The self emerges as the “fundamental subjectivity and first-personal presence” from the relationship between our body and the world (Gallagher and Zahavi, p 238). The self originates from a biological conversation grounded in the fundamental forces of nature. It expands through the electrical and synaptical networks of the nervous system. It exists in multiple levels of internal representations or cognitions. Our self arises from life.

Why It Matters

Consciousness matters to us; it is valuable for us; consciousness is our source of meaning. We cannot simply reduce a process that has been evolving for four billion years to a concept. Consciousness needs a nondogmatic approach. Consciousness manifests itself as countless feelings of many things to us.

Imagine what transformational possibilities of evolution still lie hidden in its relational dynamics. Perhaps we should deeply study and understand the natural evolution of consciousness before we allow an artificial form of intelligence, disconnected from life, to colonize our lives? Therefore, exploring the structure of experience from within and describing it from a balanced and clear perspective is an important task for a psychology of the future.

Consciousness feels like something because it means something. Because it means something that matters for our embodied lives—for someone. Because it feels meaningful to our “experiential for-me-ness” (Zahavi, 2020).

Such is the high value of consciousness in this rapidly changing, ultra-complex world threatened by unprecedented challenges: How can we peacefully coexist with more than 8 billion people? Consciousness will play the lead role in the direction we take.
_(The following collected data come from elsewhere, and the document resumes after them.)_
(* Let $M\in\mathbb{C}^{3\times 3}$ be nonsingular and let $s\in\mathbb{C}^3$ be a nonzero vector such that for every integer $k\ge 1$, $s$ is not a column eigenvector of $M^k$. Let $F_1,F_2,F_3\in\mathbb{C}^{2\times 3}$ with $\mathrm{rank}(F_i)=2$ for $1\le i\le 3$, such that the intersection of the row spaces of $F_1,F_2,F_3$ is $\{0\}$. Then for every positive integer $n$ there exist some $F\in\{F_1,F_2,F_3\}$ and some subset $S\subseteq\{FM^ks: 0\le k\le n^3\}$ with $|S|\ge n$ such that the vectors in $S$ are pairwise linearly independent. *)

theory Defs
  imports "HOL-Analysis.Analysis"
begin

fun matpow :: "'a::semiring_1^'n^'n \<Rightarrow> nat \<Rightarrow> 'a^'n^'n" where
  "matpow M 0 = mat 1"
| "matpow M (Suc k) = matpow M k ** M"

end

theory Submission
  imports Defs
begin

text \<open>
  Suppose that for every F the vectors F M^k s (k \<le> n^3) contain fewer than n pairwise
  independent ones, i.e. the nonzero ones fall into fewer than n classes of parallel vectors.
  By Lagrange's identity, F x \<parallel> F y iff x \<times> y lies in the row space of F. The vectors
  v_k = M^k s are pairwise non-parallel because s is not an eigenvector of any M^d with d \<ge> 1,
  so v_j \<times> v_k \<noteq> 0 for j \<noteq> k; as the three row spaces meet only in 0, the triple of
  parallel classes determines k. So at most (n - 1)^3 indices have all three images nonzero,
  and each rank-2 F, having a one-dimensional kernel, annihilates at most one v_k. Thus
  n^3 + 1 \<le> (n - 1)^3 + 3, which fails for n \<ge> 2.
\<close>

definition ring_dot3 :: "'a::comm_ring^3 \<Rightarrow> 'a^3 \<Rightarrow> 'a" where
  "ring_dot3 x y = x$1 * y$1 + x$2 * y$2 + x$3 * y$3"

definition ring_cross3 :: "'a::comm_ring^3 \<Rightarrow> 'a^3 \<Rightarrow> 'a^3" where
  "ring_cross3 x y = vector [x$2 * y$3 - x$3 * y$2, x$3 * y$1 - x$1 * y$3, x$1 * y$2 - x$2 * y$1]"

lemma ring_cross3_nth [simp]:
  "ring_cross3 x y $ 1 = x$2 * y$3 - x$3 * y$2"
  "ring_cross3 x y $ 2 = x$3 * y$1 - x$1 * y$3"
  "ring_cross3 x y $ 3 = x$1 * y$2 - x$2 * y$1"
  by (simp_all add: ring_cross3_def)

lemma vec3_eq_iff: "(x::'a^3) = y \<longleftrightarrow> x$1 = y$1 \<and> x$2 = y$2 \<and> x$3 = y$3"
  by (auto simp: vec_eq_iff forall_3)

lemma ring_cross3_skew: "ring_cross3 y x = - ring_cross3 x y"
  by (simp add: vec3_eq_iff algebra_simps)

lemma ring_cross3_scale_same: "ring_cross3 (\<alpha> *s c) (\<beta> *s c) = 0"
  by (simp add: vec3_eq_iff algebra_simps)

lemma ring_dot3_commute: "ring_dot3 x y = ring_dot3 y x"
  by (simp add: ring_dot3_def mult.commute)

lemma ring_cross3_cross3: "ring_cross3 a (ring_cross3 x y) = ring_dot3 a y *s x - ring_dot3 a x *s y"
  by (simp add: vec3_eq_iff ring_dot3_def algebra_simps)

lemma ring_dot3_cross3_cross3:
  "ring_dot3 (ring_cross3 a b) (ring_cross3 x y) = ring_dot3 a x * ring_dot3 b y - ring_dot3 a y * ring_dot3 b x"
  by (simp add: ring_dot3_def algebra_simps)

lemma ring_cross3_cramer:
  "ring_dot3 c (ring_cross3 a b) *s r =
     ring_dot3 r (ring_cross3 b c) *s a + ring_dot3 r (ring_cross3 c a) *s b + ring_dot3 r (ring_cross3 a b) *s c"
  by (simp add: vec3_eq_iff ring_dot3_def algebra_simps)

lemma ring_cross3_eq_0_imp_parallel:
  fixes p q :: "'a::field^3"
  assumes "p \<noteq> 0" "ring_cross3 p q = 0"
  shows "\<exists>\<mu>. q = \<mu> *s p"
proof -
  obtain i where "p$i \<noteq> 0" using assms(1) by (auto simp: vec_eq_iff)
  moreover have "\<forall>i j. p$i * q$j = q$i * p$j"
    using assms(2) by (simp add: forall_3 vec3_eq_iff algebra_simps)
  ultimately have "q = (q$i / p$i) *s p" by (auto simp: vec_eq_iff field_simps)
  then show ?thesis ..
qed

lemma obtain_ring_dot3_nonzero:
  fixes w :: "'a::comm_ring_1^3"
  assumes "w \<noteq> 0"
  obtains c where "ring_dot3 c w \<noteq> 0"
proof -
  obtain i where "w$i \<noteq> 0" using assms by (auto simp: vec_eq_iff)
  then have "ring_dot3 (axis i 1) w \<noteq> 0"
    using exhaust_3[of i] by (auto simp: ring_dot3_def axis_def)
  then show ?thesis ..
qed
Consciousness science must be balanced with a first-person perspective. This is why we need a new generation of scientists who also train their introspective abilities. Only a balance between the two perspectives can do justice to the rich phenomenon of consciousness. The future of all life depends on the evolution of our consciousness.

References

Berent, I., (2023) The Harder Problem of Consciousness: Us. New York, Psychology Today.

Damasio, A., (2018). The Strange Order of Things. London, Pantheon Books.

Damasio, A., (2021). Feeling & Knowing. Making Minds Conscious. New York, Pantheon Books.

Edelman M., Tononi G., (2000). A Universe of Consciousness. New York, Basic Books.

Gallagher, S. & Zahavi, D., (2021) The Phenomenological Mind, Third Edition, New York, Routledge.

Heidegger, L., (1996) Being and Time, trans; J. Stambaugh. Albany, Suny.

Husserl, E., (2001). Logical Investigations. 2 vols, trans. J. N. Findlay, London, Routledge.

Koch, C., (2019). The Feeling of Life Itself. Cambridge MA, MIT Press.

LeDoux, J., (2019). The Deep History of Ourselves. The Four-Billion-Year Story of How We Got Conscious Brains. New York, Viking.

LeDoux, J., (2023) The Four Realms of Existence. A New Theory of Being Human. Cambridge Massachusetts, Belknap Press of Harvard University Press.

Merleau-Ponty, M., (2012). The Phenomenology of Perception. Trans. D. Landes. London, Routledge.

Nagel, T., (1974) What it is like to be a bat? Philosophical Review 83, 435 – 50.

Sartre, J. -P., (2018) Being and Nothingness. An Essay in Phenomenological Ontology. Trans. S. Richmond. London, Routledge.

Zahavi, D., (2020) Getting Clearer on for-me-ness and mineness. In U. Kriegel (ed). The Oxford Handbook for the Philosophy of Consciousness (pp. 635-53) Oxford, Oxford University Press.